I don't think you are missing anything in your tests and am not sure that this is a bug.
DLPAR memory remove operations are not guaranteed, memory remove requests fail quite often
because the LMBs we are trying to remove are not removable.

From the added printks you put in this appears to be what is happening. When trying to
remove the range of LMBs, one of the memory sections in one of the LMBs is not removbable,
this is seen when lmb_is_removable() returns false.

The behavior you then describe, that all LMBs are added back is the correct behavior for
DLPAR operations, they are an all or nothing operation. If any part of the DLPAR request
fails (during add or remove) we revert any changed LMBs back to the stat they were in
prior to handling the request.

-Nathan


> 
> Thanks,
> 
> 
> Daniel
>
Michael Ellerman Oct. 6, 2017, 4:46 a.m. | #2
Nathan Fontenot <nfont@linux.vnet.ibm.com> writes:
> On 10/04/2017 03:21 PM, Daniel Henrique Barboza wrote:
...
>> It appears that the hot unplug is failing because lmb_is_removable(lmb) is returning
>> false inside dlpar_remove_lmb, triggering the hotplug of the LMBs again:
...
>> 
>> I am not aware of anything that I can do from QEMU side to fix this. Can anyone take a look or provide
>> guidance?
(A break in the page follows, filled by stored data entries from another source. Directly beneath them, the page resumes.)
(* Let $\alpha>0$ and $s_{\min}>0$, and put $\mu_0=\dfrac{2\alpha+s_{\min}-\sqrt{s_{\min}^2+4\alpha s_{\min}}}{2\alpha}$ (so $\mu_0\in(0,1)$ and $\frac{(1-\mu_0)^2}{\mu_0}=\frac{s_{\min}}{\alpha}$). Let $X_1,\dots,X_m$ be independent random variables with $X_i\sim\operatorname{Ber}(p_i,s_i)$, where $p_i\in(0,1]$ and $0<s_i\le s_{\min}$, and suppose $\sum_{i=1}^m p_is_i\le \mu_0$. Then $B=\sum_{i=1}^m X_i$ satisfies $\mathbb{P}(B>1)\le\alpha$.
   Context: For $p\in[0,1]$ and $s>0$, $\operatorname{Ber}(p,s)$ denotes the scaled Bernoulli distribution: $X\sim\operatorname{Ber}(p,s)$ means $X=s$ with probability $p$ and $X=0$ with probability $1-p$. *)

theory Defs
  imports "HOL-Probability.Probability"
begin

definition scaled_bernoulli :: "'a measure \<Rightarrow> ('a \<Rightarrow> real) \<Rightarrow> real \<Rightarrow> real \<Rightarrow> bool" where
  "scaled_bernoulli M X p s \<longleftrightarrow>
     X \<in> borel_measurable M \<and>
     measure M {x \<in> space M. X x = s} = p \<and>
     measure M {x \<in> space M. X x = 0} = 1 - p"

end

theory Submission
  imports Defs
begin

text \<open>Chebyshev's inequality. The centred sum \<open>B - \<mu>\<close>, with \<open>\<mu> = \<Sum>i. p\<^sub>i s\<^sub>i\<close>, has
  variance \<open>\<Sum>i. s\<^sub>i\<^sup>2 p\<^sub>i (1 - p\<^sub>i) \<le> s\<^sub>m\<^sub>i\<^sub>n \<mu>\<close> by independence, so
  \<open>P(B > 1) \<le> P(|B - \<mu>| \<ge> 1 - \<mu>) \<le> s\<^sub>m\<^sub>i\<^sub>n \<mu> / (1 - \<mu>)\<^sup>2\<close>. The threshold \<open>\<mu>\<^sub>0\<close> is the
  smaller root of \<open>\<alpha> (1 - \<mu>)\<^sup>2 = s\<^sub>m\<^sub>i\<^sub>n \<mu>\<close>, so this bound is at most \<open>\<alpha>\<close> for \<open>0 \<le> \<mu> \<le> \<mu>\<^sub>0\<close>.\<close>

lemma integrable_mult_of_square_integrable:
  fixes f g :: "'a \<Rightarrow> real"
  assumes [measurable]: "f \<in> borel_measurable M" "g \<in> borel_measurable M"
    and "integrable M (\<lambda>x. (f x)\<^sup>2)" "integrable M (\<lambda>x. (g x)\<^sup>2)"
  shows "integrable M (\<lambda>x. f x * g x)"
proof (rule Bochner_Integration.integrable_bound)
  show "integrable M (\<lambda>x. (f x)\<^sup>2 + (g x)\<^sup>2)"
    using assms(3,4) by (rule Bochner_Integration.integrable_add)
  have "\<bar>a * b\<bar> \<le> a\<^sup>2 + b\<^sup>2" for a b :: real
  proof -
    have "2 * \<bar>a\<bar> * \<bar>b\<bar> \<le> \<bar>a\<bar>\<^sup>2 + \<bar>b\<bar>\<^sup>2"
      by (rule sum_squares_bound)
    moreover have "0 \<le> \<bar>a\<bar> * \<bar>b\<bar>"
      by simp
    ultimately show ?thesis
      unfolding abs_mult power2_abs by linarith
  qed
  then show "AE x in M. norm (f x * g x) \<le> norm ((f x)\<^sup>2 + (g x)\<^sup>2)"
    by simp
qed simp

lemma integrable_square_sum:
  fixes f :: "'i \<Rightarrow> 'a \<Rightarrow> real"
  assumes "\<And>i. i \<in> I \<Longrightarrow> f i \<in> borel_measurable M"
    and "\<And>i. i \<in> I \<Longrightarrow> integrable M (\<lambda>x. (f i x)\<^sup>2)"
  shows "integrable M (\<lambda>x. (\<Sum>i\<in>I. f i x)\<^sup>2)"
  unfolding power2_eq_square sum_product
  using assms by (intro Bochner_Integration.integrable_sum integrable_mult_of_square_integrable) auto

lemma (in prob_space) variance_add_indep:
  fixes X Y :: "'a \<Rightarrow> real"
  assumes indep: "indep_var borel X borel Y"
    and [simp]: "integrable M X" "integrable M Y"
    and [simp]: "integrable M (\<lambda>x. (X x)\<^sup>2)" "integrable M (\<lambda>x. (Y x)\<^sup>2)"
  shows "variance (\<lambda>x. X x + Y x) = variance X + variance Y"
proof -
  have [simp]: "integrable M (\<lambda>x. X x * Y x)"
    and EXY: "expectation (\<lambda>x. X x * Y x) = expectation X * expectation Y"
    using indep_var_integrable[OF indep] indep_var_lebesgue_integral[OF indep] by simp_all
  have "variance (\<lambda>x. X x + Y x)
      = expectation (\<lambda>x. (X x)\<^sup>2 + (Y x)\<^sup>2 + 2 * (X x * Y x)) - (expectation X + expectation Y)\<^sup>2"
    by (subst variance_eq) (simp_all add: power2_sum mult.assoc)
  then show ?thesis
    by (simp add: variance_eq EXY power2_sum)
qed

lemma (in prob_space) variance_sum_indep:
  fixes X :: "'i \<Rightarrow> 'a \<Rightarrow> real"
  assumes "finite I" "indep_vars (\<lambda>_. borel) X I"
    and "\<And>i. i \<in> I \<Longrightarrow> integrable M (X i)"
    and "\<And>i. i \<in> I \<Longrightarrow> integrable M (\<lambda>x. (X i x)\<^sup>2)"
  shows "variance (\<lambda>x. \<Sum>i\<in>I. X i x) = (\<Sum>i\<in>I. variance (X i))"
  using assms
proof (induction I rule: finite_induct)
  case (insert i I)
  have "variance (\<lambda>x. \<Sum>j\<in>insert i I. X j x) = variance (\<lambda>x. X i x + (\<Sum>j\<in>I. X j x))"
    using insert.hyps by simp
  also have "\<dots> = variance (X i) + variance (\<lambda>x. \<Sum>j\<in>I. X j x)"
  proof (rule variance_add_indep)
    show "indep_var borel (X i) borel (\<lambda>x. \<Sum>j\<in>I. X j x)"
      using insert.hyps insert.prems(1) by (rule indep_vars_sum)
    show "integrable M (\<lambda>x. (\<Sum>j\<in>I. X j x)\<^sup>2)"
      using insert.prems by (intro integrable_square_sum borel_measurable_integrable) auto
  qed (use insert.prems in auto)
  also have "variance (\<lambda>x. \<Sum>j\<in>I. X j x) = (\<Sum>j\<in>I. variance (X j))"
    using insert.prems by (intro insert.IH indep_vars_subset[OF insert.prems(1)]) auto
  finally show ?case
    using insert.hyps by simp
qed simp

lemma (in prob_space) scaled_bernoulli_AE_values:
  assumes "scaled_bernoulli M X p s" "s \<noteq> 0"
  shows "AE x in M. X x = s \<or> X x = 0"
proof -
  have [measurable]: "X \<in> borel_measurable M"
    and "prob {x \<in> space M. X x = s} = p" "prob {x \<in> space M. X x = 0} = 1 - p"
    using assms(1) unfolding scaled_bernoulli_def by auto
  moreover have "{x \<in> space M. X x = s \<or> X x = 0} = {x \<in> space M. X x = s} \<union> {x \<in> space M. X x = 0}"
    by auto
  moreover have "prob ({x \<in> space M. X x = s} \<union> {x \<in> space M. X x = 0})
      = prob {x \<in> space M. X x = s} + prob {x \<in> space M. X x = 0}"
    using assms(2) by (intro finite_measure_Union) auto
  ultimately have "prob {x \<in> space M. X x = s \<or> X x = 0} = 1"
    by simp
  then show ?thesis
    by (subst (asm) prob_Collect_eq_1) simp_all
qed

lemma (in prob_space) scaled_bernoulli_integral:
  fixes f :: "real \<Rightarrow> real"
  assumes X: "scaled_bernoulli M X p s" and "s \<noteq> 0" and [measurable]: "f \<in> borel_measurable borel"
  shows "integrable M (\<lambda>x. f (X x))" and "expectation (\<lambda>x. f (X x)) = p * f s + (1 - p) * f 0"
proof -
  define A where "A = {x \<in> space M. X x = s}"
  define Z where "Z = {x \<in> space M. X x = 0}"
  have [measurable]: "X \<in> borel_measurable M" and "prob A = p" "prob Z = 1 - p"
    using X unfolding scaled_bernoulli_def A_def Z_def by auto
  have [measurable]: "A \<in> events" "Z \<in> events"
    unfolding A_def Z_def by measurable
  have indicator_integrable: "integrable M (indicator B :: 'a \<Rightarrow> real)" if "B \<in> events" for B
    using that by (intro integrable_real_indicator) (auto simp: emeasure_eq_measure)
  have eq: "AE x in M. f (X x) = f s * indicator A x + f 0 * indicator Z x"
    using AE_space scaled_bernoulli_AE_values[OF assms(1,2)]
    by eventually_elim (use \<open>s \<noteq> 0\<close> in \<open>auto simp: A_def Z_def split: split_indicator\<close>)
  have "integrable M (\<lambda>x. f s * indicator A x + f 0 * indicator Z x)"
    by (simp add: indicator_integrable)
  then show "integrable M (\<lambda>x. f (X x))"
    by (subst integrable_cong_AE[OF _ _ eq]) simp_all
  have "expectation (\<lambda>x. f (X x)) = expectation (\<lambda>x. f s * indicator A x + f 0 * indicator Z x)"
    by (rule integral_cong_AE[OF _ _ eq]) simp_all
  also have "\<dots> = p * f s + (1 - p) * f 0"
    using \<open>prob A = p\<close> \<open>prob Z = 1 - p\<close> by (simp add: indicator_integrable)
  finally show "expectation (\<lambda>x. f (X x)) = p * f s + (1 - p) * f 0" .
qed

lemma (in prob_space) scaled_bernoulli_moments:
  assumes "scaled_bernoulli M X p s" "s \<noteq> 0"
  shows "integrable M X" "integrable M (\<lambda>x. (X x)\<^sup>2)"
    and "expectation X = p * s" "variance X = s\<^sup>2 * p * (1 - p)"
proof -
  show "integrable M X" "expectation X = p * s"
    using scaled_bernoulli_integral[OF assms, of "\<lambda>t. t"] by simp_all
  show "integrable M (\<lambda>x. (X x)\<^sup>2)"
    using scaled_bernoulli_integral[OF assms, of "\<lambda>t. t\<^sup>2"] by simp
  then show "variance X = s\<^sup>2 * p * (1 - p)"
    using scaled_bernoulli_integral[OF assms, of "\<lambda>t. (t - p * s)\<^sup>2"] \<open>expectation X = p * s\<close>
    by (simp add: power2_eq_square algebra_simps)
qed

lemma (in prob_space) scaled_bernoulli_variance_le:
  assumes X: "scaled_bernoulli M X p s" and "0 < s" "s \<le> c"
  shows "variance X \<le> c * expectation X"
proof -
  have "0 \<le> p"
    using X unfolding scaled_bernoulli_def by auto
  have "variance X = s\<^sup>2 * p * (1 - p)"
    using scaled_bernoulli_moments(4)[OF X] \<open>0 < s\<close> by simp
  also have "\<dots> \<le> s * (p * s)"
    using zero_le_square[of "p * s"] by (simp add: power2_eq_square algebra_simps)
  also have "\<dots> \<le> c * (p * s)"
    using \<open>0 \<le> p\<close> \<open>0 < s\<close> \<open>s \<le> c\<close> by (intro mult_right_mono) simp_all
  also have "p * s = expectation X"
    using scaled_bernoulli_moments(3)[OF X] \<open>0 < s\<close> by simp
  finally show ?thesis .
qed

lemma le_smaller_root_imp_quadratic_bound:
  fixes a s \<mu> :: real
  assumes "0 < a" "0 < s" "0 \<le> \<mu>" "\<mu> \<le> (2 * a + s - sqrt (s\<^sup>2 + 4 * a * s)) / (2 * a)"
  shows "\<mu> < 1" "s * \<mu> \<le> a * (1 - \<mu>)\<^sup>2"
proof -
  define D where "D = sqrt (s\<^sup>2 + 4 * a * s)"
  define \<mu>\<^sub>0 \<mu>\<^sub>1 where "\<mu>\<^sub>0 = (2 * a + s - D) / (2 * a)" and "\<mu>\<^sub>1 = (2 * a + s + D) / (2 * a)"
  have "D\<^sup>2 = s\<^sup>2 + 4 * a * s" "s < D"
    unfolding D_def using assms by (simp_all add: real_less_rsqrt)
  have roots: "a * (1 - \<mu>)\<^sup>2 - s * \<mu> = a * (\<mu> - \<mu>\<^sub>0) * (\<mu> - \<mu>\<^sub>1)"
    unfolding \<mu>\<^sub>0_def \<mu>\<^sub>1_def using assms \<open>D\<^sup>2 = s\<^sup>2 + 4 * a * s\<close>
    by (simp add: field_simps power2_eq_square) algebra
  have "\<mu> \<le> \<mu>\<^sub>0" "\<mu>\<^sub>0 < 1" "\<mu>\<^sub>0 \<le> \<mu>\<^sub>1"
    using assms \<open>s < D\<close> unfolding D_def \<mu>\<^sub>0_def \<mu>\<^sub>1_def by (simp_all add: divide_simps)
  then have "0 \<le> a * (\<mu> - \<mu>\<^sub>0) * (\<mu> - \<mu>\<^sub>1)"
    using \<open>0 < a\<close> by (simp add: mult_nonpos_nonpos mult.assoc)
  then show "\<mu> < 1" "s * \<mu> \<le> a * (1 - \<mu>)\<^sup>2"
    using roots \<open>\<mu> \<le> \<mu>\<^sub>0\<close> \<open>\<mu>\<^sub>0 < 1\<close> by simp_all
qed

theorem mainTheorem1:
  fixes M :: "'a measure" and m :: nat and p s :: "nat \<Rightarrow> real"
    and X :: "nat \<Rightarrow> 'a \<Rightarrow> real" and \<alpha> s_min :: real
  assumes "prob_space M"
    and "\<alpha> > 0" and "s_min > 0"
    and "\<And>i. i < m \<Longrightarrow> 0 < p i \<and> p i \<le> 1"
    and "\<And>i. i < m \<Longrightarrow> 0 < s i \<and> s i \<le> s_min"
    and "\<And>i. i < m \<Longrightarrow> scaled_bernoulli M (X i) (p i) (s i)"
    and "prob_space.indep_vars M (\<lambda>_. borel) X {..<m}"
    and "(\<Sum>i<m. p i * s i) \<le> (2 * \<alpha> + s_min - sqrt (s_min ^ 2 + 4 * \<alpha> * s_min)) / (2 * \<alpha>)"
  shows "measure M {x \<in> space M. (\<Sum>i<m. X i x) > 1} \<le> \<alpha>"
proof -
  interpret prob_space M by fact
  define B where "B x = (\<Sum>i<m. X i x)" for x
  define \<mu> where "\<mu> = (\<Sum>i<m. p i * s i)"
  have "s i \<noteq> 0" if "i < m" for i
    using assms(5)[OF that] by simp
  note moments = scaled_bernoulli_moments[OF assms(6) this]
  have "expectation B = \<mu>"
    unfolding B_def \<mu>_def using moments by (simp add: Bochner_Integration.integral_sum)
  have "variance B = (\<Sum>i<m. variance (X i))"
    unfolding B_def using moments assms(7) by (intro variance_sum_indep) auto
  also have "\<dots> \<le> (\<Sum>i<m. s_min * expectation (X i))"
    using assms(5,6) by (intro sum_mono scaled_bernoulli_variance_le) auto
  also have "\<dots> = s_min * \<mu>"
    using moments(3) by (simp add: \<mu>_def sum_distrib_left)
  finally have "variance B \<le> s_min * \<mu>" .
  have "0 \<le> \<mu>"
    unfolding \<mu>_def using assms(4,5) by (intro sum_nonneg) (simp add: less_imp_le)
  then have "\<mu> < 1" "s_min * \<mu> \<le> \<alpha> * (1 - \<mu>)\<^sup>2"
    using le_smaller_root_imp_quadratic_bound assms(2,3,8) unfolding \<mu>_def by blast+
  have "prob {x \<in> space M. B x > 1} \<le> prob {x \<in> space M. \<bar>B x - expectation B\<bar> \<ge> 1 - \<mu>}"
    using \<open>expectation B = \<mu>\<close> moments unfolding B_def
    by (intro finite_measure_mono) (auto intro!: borel_measurable_sum borel_measurable_integrable)
  also have "\<dots> \<le> variance B / (1 - \<mu>)\<^sup>2"
    using \<open>\<mu> < 1\<close> moments unfolding B_def
    by (intro Chebyshev_inequality integrable_square_sum borel_measurable_integrable borel_measurable_sum) auto
  also have "\<dots> \<le> \<alpha>"
    using \<open>variance B \<le> s_min * \<mu>\<close> \<open>s_min * \<mu> \<le> \<alpha> * (1 - \<mu>)\<^sup>2\<close> \<open>\<mu> < 1\<close>
    by (simp add: pos_divide_le_eq)
  finally show ?thesis
    unfolding B_def .
qed

end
Am I missing something in my tests?
>> 
>
> I don't think you are missing anything in your tests and am not sure that this is a bug.
> DLPAR memory remove operations are not guaranteed, memory remove requests fail quite often
> because the LMBs we are trying to remove are not removable.
>
> From the added printks you put in this appears to be what is happening. When trying to
> remove the range of LMBs, one of the memory sections in one of the LMBs is not removbable,
> this is seen when lmb_is_removable() returns false.

Yeah I agree.

Unless you (Daniel) think there's some reason lmb_is_removable() is
incorrectly returning false. But most likely it's correct and there's
just an unmovable allocation in that range.

cheers
Daniel Henrique Barboza Oct. 6, 2017, 11:04 a.m. | #3
> Unless you (Daniel) think there's some reason lmb_is_removable() is
> incorrectly returning false. But most likely it's correct and there's
> just an unmovable allocation in that range.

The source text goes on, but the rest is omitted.